** INPUT RECORDS follows **

(* Let $\mathbb{T}$ be a time scale, $a<b$ points of $\mathbb{T}$, $I_\mathbb{T}=[a,\infty)\cap\mathbb{T}$, and $\mathbb{X}$ a Banach space with norm $\|\cdot\|$. Let $f:I_\mathbb{T}\times\mathbb{X}\times\mathbb{X}\times\mathbb{X}\to\mathbb{X}$ be rd-continuous in its first variable and $h,g:I_\mathbb{T}\times I_\mathbb{T}\times\mathbb{X}\to\mathbb{X}$ be rd-continuous in their second variable, and consider $$x(t)=f\Big(t,x(t),\int_a^t h(t,s,x(s))\Delta s,\int_a^b g(t,s,x(s))\Delta s\Big),\quad t\in I_\mathbb{T}. \qquad (\ast)$$ Suppose there exist positive constants $\alpha,B,C$ and a constant $0\leq N<1$ such that for all $t,s\in I_\mathbb{T}$ and $u,v,w,\bar u,\bar v,\bar w\in\mathbb{X}$: $\|f(t,u,v,w)-f(t,\bar{u},\bar{v},\bar{w})\|\leq N\{\|u-\bar{u}\|+\|v-\bar{v}\|+\|w-\bar{w}\|\}$, $\|h(t,s,v)-h(t,s,\bar{v})\|\leq Be_\alpha(s,t)\|v-\bar{v}\|$, $\|g(t,s,u)-g(t,s,\bar{u})\|\leq Ce_\alpha(s,t)\|u-\bar{u}\|$, and $$q:=\int_a^bCN^*e_{BN^*}(s,a)\Delta s<1,\qquad N^*=\frac{N}{1-N}.$$ Moreover assume there is a nonnegative constant $d$ with $$\Big\|f\Big(t,0,\int_a^th(t,s,0)\Delta s,\int_a^bg(t,s,0)\Delta s\Big)\Big\|\leq \frac{d}{e_\alpha(t,a)},\quad t\in I_\mathbb{T}.$$ If $x$ is any solution of $(\ast)$, then $$\|x(t)\|\leq \frac{d}{(1-N)(1-q)}\,e_{BN^*\ominus\alpha}(t,a),\quad t\in I_\mathbb{T}.$$
   Context: A time scale $\mathbb{T}$ is a nonempty closed subset of $\mathbb{R}$; $\sigma(t)=\inf\{s\in\mathbb{T}:s>t\}$, $\mu(t)=\sigma(t)-t$. rd-continuous means continuous at right-dense points with finite left limits at left-dense points; $\int\cdot\,\Delta s$ is the delta integral. For rd-continuous $p$ with $1+\mu p\neq0$, $e_p(t,s)=\exp\big(\int_s^t\xi_{\mu(\tau)}(p(\tau))\Delta\tau\big)$, where $\xi_h(z)=\log(1+hz)/h$ for $h\neq0$ and $\xi_0(z)=z$. For regressive $p,q$, $(p\ominus q)(t)=\frac{p(t)-q(t)}{1+\mu(t)q(t)}$. A solution of $(\ast)$ is an rd-continuous $x:I_\mathbb{T}\to\mathbb{X}$ satisfying $(\ast)$. *)

theory Defs
  imports "HOL-Analysis.Analysis"
begin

** End of INPUT RECORDS **

AIM OF THE EXERCISE: All the entries should be output exactly as given.

EXERCISE SOLUTION:
(* Let $\mathbb{T}$ be a time scale, $a<b$ points of $\mathbb{T}$, $I_\mathbb{T}=[a,\infty)\cap\mathbb{T}$, and $\mathbb{X}$ a Banach space with norm $\|\cdot\|$. Let $f:I_\mathbb{T}\times\mathbb{X}\times\mathbb{X}\times\mathbb{X}\to\mathbb{X}$ be rd-continuous in its first variable and $h,g:I_\mathbb{T}\times I_\mathbb{T}\times\mathbb{X}\to\mathbb{X}$ be rd-continuous in their second variable, and consider $$x(t)=f\Big(t,x(t),\int_a^t h(t,s,x(s))\Delta s,\int_a^b g(t,s,x(s))\Delta s\Big),\quad t\in I_\mathbb{T}. \qquad (\ast)$$ Suppose there exist positive constants $\alpha,B,C$ and a constant $0\leq N<1$ such that for all $t,s\in I_\mathbb{T}$ and $u,v,w,\bar u,\bar v,\bar w\in\mathbb{X}$: $\|f(t,u,v,w)-f(t,\bar{u},\bar{v},\bar{w})\|\leq N\{\|u-\bar{u}\|+\|v-\bar{v}\|+\|w-\bar{w}\|\}$, $\|h(t,s,v)-h(t,s,\bar{v})\|\leq Be_\alpha(s,t)\|v-\bar{v}\|$, $\|g(t,s,u)-g(t,s,\bar{u})\|\leq Ce_\alpha(s,t)\|u-\bar{u}\|$, and $$q:=\int_a^bCN^*e_{BN^*}(s,a)\Delta s<1,\qquad N^*=\frac{N}{1-N}.$$ Moreover assume there is a nonnegative constant $d$ with $$\Big\|f\Big(t,0,\int_a^th(t,s,0)\Delta s,\int_a^bg(t,s,0)\Delta s\Big)\Big\|\leq \frac{d}{e_\alpha(t,a)},\quad t\in I_\mathbb{T}.$$ If $x$ is any solution of $(\ast)$, then $$\|x(t)\|\leq \frac{d}{(1-N)(1-q)}\,e_{BN^*\ominus\alpha}(t,a),\quad t\in I_\mathbb{T}.$$
   Context: A time scale $\mathbb{T}$ is a nonempty closed subset of $\mathbb{R}$; $\sigma(t)=\inf\{s\in\mathbb{T}:s>t\}$, $\mu(t)=\sigma(t)-t$. rd-continuous means continuous at right-dense points with finite left limits at left-dense points; $\int\cdot\,\Delta s$ is the delta integral. For rd-continuous $p$ with $1+\mu p\neq0$, $e_p(t,s)=\exp\big(\int_s^t\xi_{\mu(\tau)}(p(\tau))\Delta\tau\big)$, where $\xi_h(z)=\log(1+hz)/h$ for $h\neq0$ and $\xi_0(z)=z$. For regressive $p,q$, $(p\ominus q)(t)=\frac{p(t)-q(t)}{1+\mu(t)q(t)}$. A solution of $(\ast)$ is an rd-continuous $x:I_\mathbb{T}\to\mathbb{X}$ satisfying $(\ast)$. *)

theory Defs
  imports "HOL-Analysis.Analysis"
begin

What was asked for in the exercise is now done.